(* Let $N,n,m,p$ be positive integers, $A\in\mathbb{R}^{n\times n}$, $B\in\mathbb{R}^{n\times p}$, $C\in\mathbb{R}^{m\times n}$, $H\in\mathbb{R}^{n\times m}$, $W=[w_{ij}]\in\mathbb{R}^{N\times N}$ with $w_{ii}=0$ for all $i$, $\Delta=\mathrm{diag}(\delta_1,\dots,\delta_N)$ with $\delta_i\in\{0,1\}$, and $h>0$. Put $\mathcal{B}(h)=\int_0^h e^{A\tau}d\tau\,B$, $\mathcal{H}(h)=\int_0^h e^{A\tau}d\tau\,HC$, $\Phi_s=I_N\otimes e^{Ah}+W\otimes\mathcal{H}(h)$, $\Psi_s=\Delta\otimes\mathcal{B}(h)$. Assume $W$ is diagonalizable, and let $v_1,\dots,v_N\in\mathbb{C}^{1\times N}$ be linearly independent row vectors with $v_kW=\lambda_kv_k$ ($\lambda_1,\dots,\lambda_N$ the eigenvalues of $W$ listed with multiplicity). For $k=1,\dots,N$ let $E_k=e^{Ah}+\lambda_k\mathcal{H}(h)$. Suppose that: (1) the pair $(W,\Delta)$ is controllable; (2) the pair $(E_k,\mathcal{B}(h))$ is controllable for every $k=1,\dots,N$; (3) whenever $\theta\in\mathbb{C}$ is a common eigenvalue of $E_{k_1},\dots,E_{k_q}$ for distinct indices $k_1,\dots,k_q\in\{1,\dots,N\}$ with $1<q\le N$, then $(v_{k_1}\otimes\xi_{k_1}+\dots+v_{k_q}\otimes\xi_{k_q})(\Delta\otimes\mathcal{B}(h))\neq0$ for all $\xi_j\in M(\theta\,|\,E_j)$, $j=k_1,\dots,k_q$, with $(\xi_{k_1},\dots,\xi_{k_q})\neq0$. Then the networked sampled-data system $X(k+1)=\Phi_sX(k)+\Psi_sU(k)$ is controllable.
   Context: The networked sampled-data system is the discrete-time system $X(k+1)=\Phi_sX(k)+\Psi_sU(k)$, $X(k)\in\mathbb{R}^{Nn}$, $U(k)\in\mathbb{R}^{Np}$; it is called controllable if every initial state can be steered to the origin in finitely many steps. For $F\in\mathbb{C}^{q\times q}$ and $G\in\mathbb{C}^{q\times s}$, the pair $(F,G)$ is called controllable if $\mathrm{rank}[sI_q-F,\ G]=q$ for every $s\in\mathbb{C}$. For a square matrix $E$ and $\theta\in\mathbb{C}$, $M(\theta\,|\,E)=\{\xi \text{ row vector}:\ \xi E=\theta\xi\}$ is the left eigenspace of $E$ for $\theta$ (including $0$). $\otimes$ is the Kronecker product. *)

theory Defs
  imports "HOL-Analysis.Analysis" "Jordan_Normal_Form.DL_Rank" "Jordan_Normal_Form.Char_Poly"
begin

definition exp_mat :: "real mat \<Rightarrow> real mat" where
  "exp_mat M = mat (dim_row M) (dim_col M) (\<lambda>(i,j). \<Sum>k. (M ^\<^sub>m k) $$ (i,j) / fact k)"

definition int_exp_mat :: "real mat \<Rightarrow> real \<Rightarrow> real mat" where
  "int_exp_mat M h = mat (dim_row M) (dim_col M)
     (\<lambda>(i,j). integral {0..h} (\<lambda>\<tau>. exp_mat (\<tau> \<cdot>\<^sub>m M) $$ (i,j)))"

definition kron :: "'a :: times mat \<Rightarrow> 'a mat \<Rightarrow> 'a mat" where
  "kron P Q = mat (dim_row P * dim_row Q) (dim_col P * dim_col Q)
     (\<lambda>(i,j). P $$ (i div dim_row Q, j div dim_col Q) * Q $$ (i mod dim_row Q, j mod dim_col Q))"

(* Kronecker product of row vectors (row vectors are represented as vectors) *)
definition kron_vec :: "'a :: times vec \<Rightarrow> 'a vec \<Rightarrow> 'a vec" where
  "kron_vec x y = Matrix.vec (dim_vec x * dim_vec y) (\<lambda>i. x $ (i div dim_vec y) * y $ (i mod dim_vec y))"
--------------------------------
**YOUR ASSIGNMENT**
Your task is to set down exactly the lines from the line containing "theory Defs" to the end of the data above, including both ends.

**TASK OUTPUT**
theory Defs
  imports "HOL-Analysis.Analysis" "Jordan_Normal_Form.DL_Rank" "Jordan_Normal_Form.Char_Poly"
begin

definition exp_mat :: "real mat \<Rightarrow> real mat" where
  "exp_mat M = mat (dim_row M) (dim_col M) (\<lambda>(i,j). \<Sum>k. (M ^\<^sub>m k) $$ (i,j) / fact k)"

definition int_exp_mat :: "real mat \<Rightarrow> real \<Rightarrow> real mat" where
  "int_exp_mat M h = mat (dim_row M) (dim_col M)
     (\<lambda>(i,j). integral {0..h} (\<lambda>\<tau>. exp_mat (\<tau> \<cdot>\<^sub>m M) $$ (i,j)))"

definition kron :: "'a :: times mat \<Rightarrow> 'a mat \<Rightarrow> 'a mat" where
  "kron P Q = mat (dim_row P * dim_row Q) (dim_col P * dim_col Q)
     (\<lambda>(i,j). P $$ (i div dim_row Q, j div dim_col Q) * Q $$ (i mod dim_row Q, j mod dim_col Q))"

(* Kronecker product of row vectors (row vectors are represented as vectors) *)
definition kron_vec :: "'a :: times vec \<Rightarrow> 'a vec \<Rightarrow> 'a vec" where
  "kron_vec x y = Matrix.vec (dim_vec x * dim_vec y) (\<lambda>i. x $ (i div dim_vec y) * y $ (i mod dim_vec y))"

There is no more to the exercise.